Stored data entries
(* Let $R$ be a commutative ring with identity and let $M$ be a non-zero comultiplication $R$-module. A submodule $N$ of $M$ is a large submodule of $M$ if and only if $\mathrm{Soc}(M)\subseteq N$.
   Context: An $R$-module $M$ is a comultiplication module if for every submodule $N$ of $M$ there is an ideal $I$ of $R$ with $N=\mathrm{Ann}_M(I)=\{m\in M: Im=0\}$. A submodule $N$ of $M$ is large (essential) in $M$ if $N\cap L\neq 0$ for every non-zero submodule $L$ of $M$. $\mathrm{Min}(M)$ denotes the set of minimal (i.e. simple) submodules of $M$, and $\mathrm{Soc}(M)$ denotes the sum of all minimal submodules of $M$. *)

theory Defs
  imports "HOL-Algebra.Module" "HOL-Algebra.Ideal"
begin

definition ann_mod :: "('a, 'c) ring_scheme \<Rightarrow> ('a, 'b, 'd) module_scheme \<Rightarrow> 'a set \<Rightarrow> 'b set" where
  "ann_mod R M I = {m \<in> carrier M. \<forall>r\<in>I. r \<odot>\<^bsub>M\<^esub> m = \<zero>\<^bsub>M\<^esub>}"

definition comultiplication_module :: "('a, 'c) ring_scheme \<Rightarrow> ('a, 'b, 'd) module_scheme \<Rightarrow> bool" where
  "comultiplication_module R M \<longleftrightarrow> module R M \<and>
     (\<forall>N. submodule N R M \<longrightarrow> (\<exists>I. ideal I R \<and> N = ann_mod R M I))"

definition large_submodule :: "('a, 'c) ring_scheme \<Rightarrow> ('a, 'b, 'd) module_scheme \<Rightarrow> 'b set \<Rightarrow> bool" where
  "large_submodule R M N \<longleftrightarrow> submodule N R M \<and>
     (\<forall>L. submodule L R M \<longrightarrow> L \<noteq> {\<zero>\<^bsub>M\<^esub>} \<longrightarrow> N \<inter> L \<noteq> {\<zero>\<^bsub>M\<^esub>})"

definition min_submodules :: "('a, 'c) ring_scheme \<Rightarrow> ('a, 'b, 'd) module_scheme \<Rightarrow> 'b set set" where
  "min_submodules R M = {L. submodule L R M \<and> L \<noteq> {\<zero>\<^bsub>M\<^esub>} \<and>
     (\<forall>K. submodule K R M \<longrightarrow> K \<subseteq> L \<longrightarrow> K = {\<zero>\<^bsub>M\<^esub>} \<or> K = L)}"

text \<open>Socle: the sum of all minimal submodules, i.e. the smallest submodule containing all of them
  (equal to the zero submodule if there are none).\<close>
definition socle :: "('a, 'c) ring_scheme \<Rightarrow> ('a, 'b, 'd) module_scheme \<Rightarrow> 'b set" where
  "socle R M = \<Inter>{K. submodule K R M \<and> \<Union>(min_submodules R M) \<subseteq> K}"

end

theory Submission
  imports "HOL-Algebra.Ring_Divisibility" Defs
begin

text \<open>
  The socle of a comultiplication module M is essential. Given x \<noteq> 0, choose a maximal ideal P
  containing Ann(x). Then x \<notin> Px, and writing the submodule Px as Ann_M(I) yields r \<in> I with
  rx \<noteq> 0; since r(Px) = 0, P annihilates rx, so R rx \<cong> R/P is simple. In any module with
  essential socle, a submodule N is large iff it contains every simple submodule: a large N meets
  each simple S non-trivially, hence contains it, and conversely every non-zero submodule contains
  a simple one, which lies in N.
\<close>

lemma (in ring) exists_maximalideal_superset:
  assumes "ideal A R" and "A \<noteq> carrier R"
  shows "\<exists>P. maximalideal P R \<and> A \<subseteq> P"
proof -
  define S where "S = {I. ideal I R \<and> A \<subseteq> I \<and> \<one> \<notin> I}"
  have "\<exists>P\<in>S. \<forall>X\<in>S. P \<subseteq> X \<longrightarrow> X = P"
  proof (rule subset_Zorn_nonempty)
    show "S \<noteq> {}"
      using assms ideal.one_imp_carrier unfolding S_def by blast
  next
    fix C assume "C \<noteq> {}" and chain: "subset.chain S C"
    then have "subset.chain {I. ideal I R} C"
      unfolding S_def pred_on.chain_def by blast
    then have "ideal (if C = {} then {\<zero>} else \<Union>C) R"
      by (rule chain_Union_is_ideal)
    then have "ideal (\<Union>C) R"
      using \<open>C \<noteq> {}\<close> by simp
    then show "\<Union>C \<in> S"
      using \<open>C \<noteq> {}\<close> chain unfolding S_def pred_on.chain_def by auto
  qed
  then obtain P where "P \<in> S" and P_max: "\<And>X. X \<in> S \<Longrightarrow> P \<subseteq> X \<Longrightarrow> X = P"
    by auto
  have "maximalideal P R"
  proof (rule maximalidealI)
    show "ideal P R" "carrier R \<noteq> P"
      using \<open>P \<in> S\<close> unfolding S_def by auto
    fix J assume "ideal J R" "P \<subseteq> J" "J \<subseteq> carrier R"
    then show "J = P \<or> J = carrier R"
      using P_max[of J] \<open>P \<in> S\<close> ideal.one_imp_carrier unfolding S_def by blast
  qed
  then show ?thesis
    using \<open>P \<in> S\<close> unfolding S_def by auto
qed

lemma (in cring) maximalideal_add_cgenideal:
  assumes "maximalideal P R" and s: "s \<in> carrier R" "s \<notin> P"
  shows "P <+>\<^bsub>R\<^esub> PIdl s = carrier R"
proof -
  interpret maximalideal P R by fact
  have Rs: "ideal (PIdl s) R"
    using cgenideal_ideal[OF s(1)] .
  have sub: "P \<union> PIdl s \<subseteq> P <+>\<^bsub>R\<^esub> PIdl s"
    unfolding union_genideal[OF is_ideal Rs, symmetric] genideal_def by blast
  have ideal: "ideal (P <+>\<^bsub>R\<^esub> PIdl s) R"
    using add_ideals[OF is_ideal Rs] .
  have "P <+>\<^bsub>R\<^esub> PIdl s \<noteq> P"
    using sub cgenideal_self[OF s(1)] s(2) by blast
  moreover have "P <+>\<^bsub>R\<^esub> PIdl s \<subseteq> carrier R"
    using ideal.Icarr[OF ideal] by blast
  ultimately show ?thesis
    using I_maximal[OF ideal] sub by blast
qed

lemma min_submodulesD:
  "\<lbrakk>S \<in> min_submodules R M; submodule K R M; K \<subseteq> S; K \<noteq> {\<zero>\<^bsub>M\<^esub>}\<rbrakk> \<Longrightarrow> K = S"
  unfolding min_submodules_def by blast

lemma socle_subset_iff:
  "submodule N R M \<Longrightarrow> socle R M \<subseteq> N \<longleftrightarrow> (\<forall>S\<in>min_submodules R M. S \<subseteq> N)"
  unfolding socle_def by blast

context Module.module
begin

lemma submodule_zero_closed: "submodule H R M \<Longrightarrow> \<zero>\<^bsub>M\<^esub> \<in> H"
  using subgroup.one_closed[OF submodule.axioms(1)] by fastforce

lemma submodule_Int:
  "submodule H R M \<Longrightarrow> submodule K R M \<Longrightarrow> submodule (H \<inter> K) R M"
  by (rule submoduleI) (auto dest: submoduleE simp: submodule_zero_closed)

lemma smult_left_commute:
  "\<lbrakk>a \<in> carrier R; b \<in> carrier R; x \<in> carrier M\<rbrakk>
    \<Longrightarrow> a \<odot>\<^bsub>M\<^esub> (b \<odot>\<^bsub>M\<^esub> x) = b \<odot>\<^bsub>M\<^esub> (a \<odot>\<^bsub>M\<^esub> x)"
  by (metis R.m_comm smult_assoc1)

lemma ideal_annihilator:
  assumes "x \<in> carrier M"
  shows "ideal {a \<in> carrier R. a \<odot>\<^bsub>M\<^esub> x = \<zero>\<^bsub>M\<^esub>} R"
  by (rule idealI[OF R.ring_axioms], rule subgroup.intro)
    (auto simp: assms smult_l_distr smult_l_minus smult_assoc1 simp flip: a_inv_def,
      metis assms smult_left_commute smult_r_null)

lemma submodule_ideal_smult:
  assumes "ideal I R" and "x \<in> carrier M"
  shows "submodule {a \<odot>\<^bsub>M\<^esub> x | a. a \<in> I} R M"
proof -
  interpret ideal I R by fact
  show ?thesis
  proof (rule submoduleI)
    show "\<zero>\<^bsub>M\<^esub> \<in> {a \<odot>\<^bsub>M\<^esub> x | a. a \<in> I}"
      using assms(2) by (auto intro!: exI[of _ \<zero>])
    show "\<ominus>\<^bsub>M\<^esub> b \<in> {a \<odot>\<^bsub>M\<^esub> x | a. a \<in> I}" if "b \<in> {a \<odot>\<^bsub>M\<^esub> x | a. a \<in> I}" for b
    proof -
      from that obtain a where "a \<in> I" "b = a \<odot>\<^bsub>M\<^esub> x" by blast
      then have "\<ominus>\<^bsub>M\<^esub> b = (\<ominus> a) \<odot>\<^bsub>M\<^esub> x" "\<ominus> a \<in> I"
        using assms(2) smult_l_minus by auto
      then show ?thesis by blast
    qed
    show "b \<oplus>\<^bsub>M\<^esub> c \<in> {a \<odot>\<^bsub>M\<^esub> x | a. a \<in> I}"
      if "b \<in> {a \<odot>\<^bsub>M\<^esub> x | a. a \<in> I}" "c \<in> {a \<odot>\<^bsub>M\<^esub> x | a. a \<in> I}" for b c
    proof -
      from that obtain a a' where "a \<in> I" "a' \<in> I" "b = a \<odot>\<^bsub>M\<^esub> x" "c = a' \<odot>\<^bsub>M\<^esub> x"
        by blast
      then have "b \<oplus>\<^bsub>M\<^esub> c = (a \<oplus> a') \<odot>\<^bsub>M\<^esub> x" "a \<oplus> a' \<in> I"
        using assms(2) smult_l_distr by auto
      then show ?thesis by blast
    qed
    show "r \<odot>\<^bsub>M\<^esub> b \<in> {a \<odot>\<^bsub>M\<^esub> x | a. a \<in> I}"
      if "r \<in> carrier R" "b \<in> {a \<odot>\<^bsub>M\<^esub> x | a. a \<in> I}" for r b
    proof -
      from that obtain a where "a \<in> I" "b = a \<odot>\<^bsub>M\<^esub> x" by blast
      then have "r \<odot>\<^bsub>M\<^esub> b = (r \<otimes> a) \<odot>\<^bsub>M\<^esub> x" "r \<otimes> a \<in> I"
        using that(1) assms(2) smult_assoc1 I_l_closed by auto
      then show ?thesis by blast
    qed
  qed (use assms(2) in auto)
qed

◆ **Your assignment**
Every line of the records in which the string "open" is found should be counted, and only the count returned.

◆ **Answer to this task**
7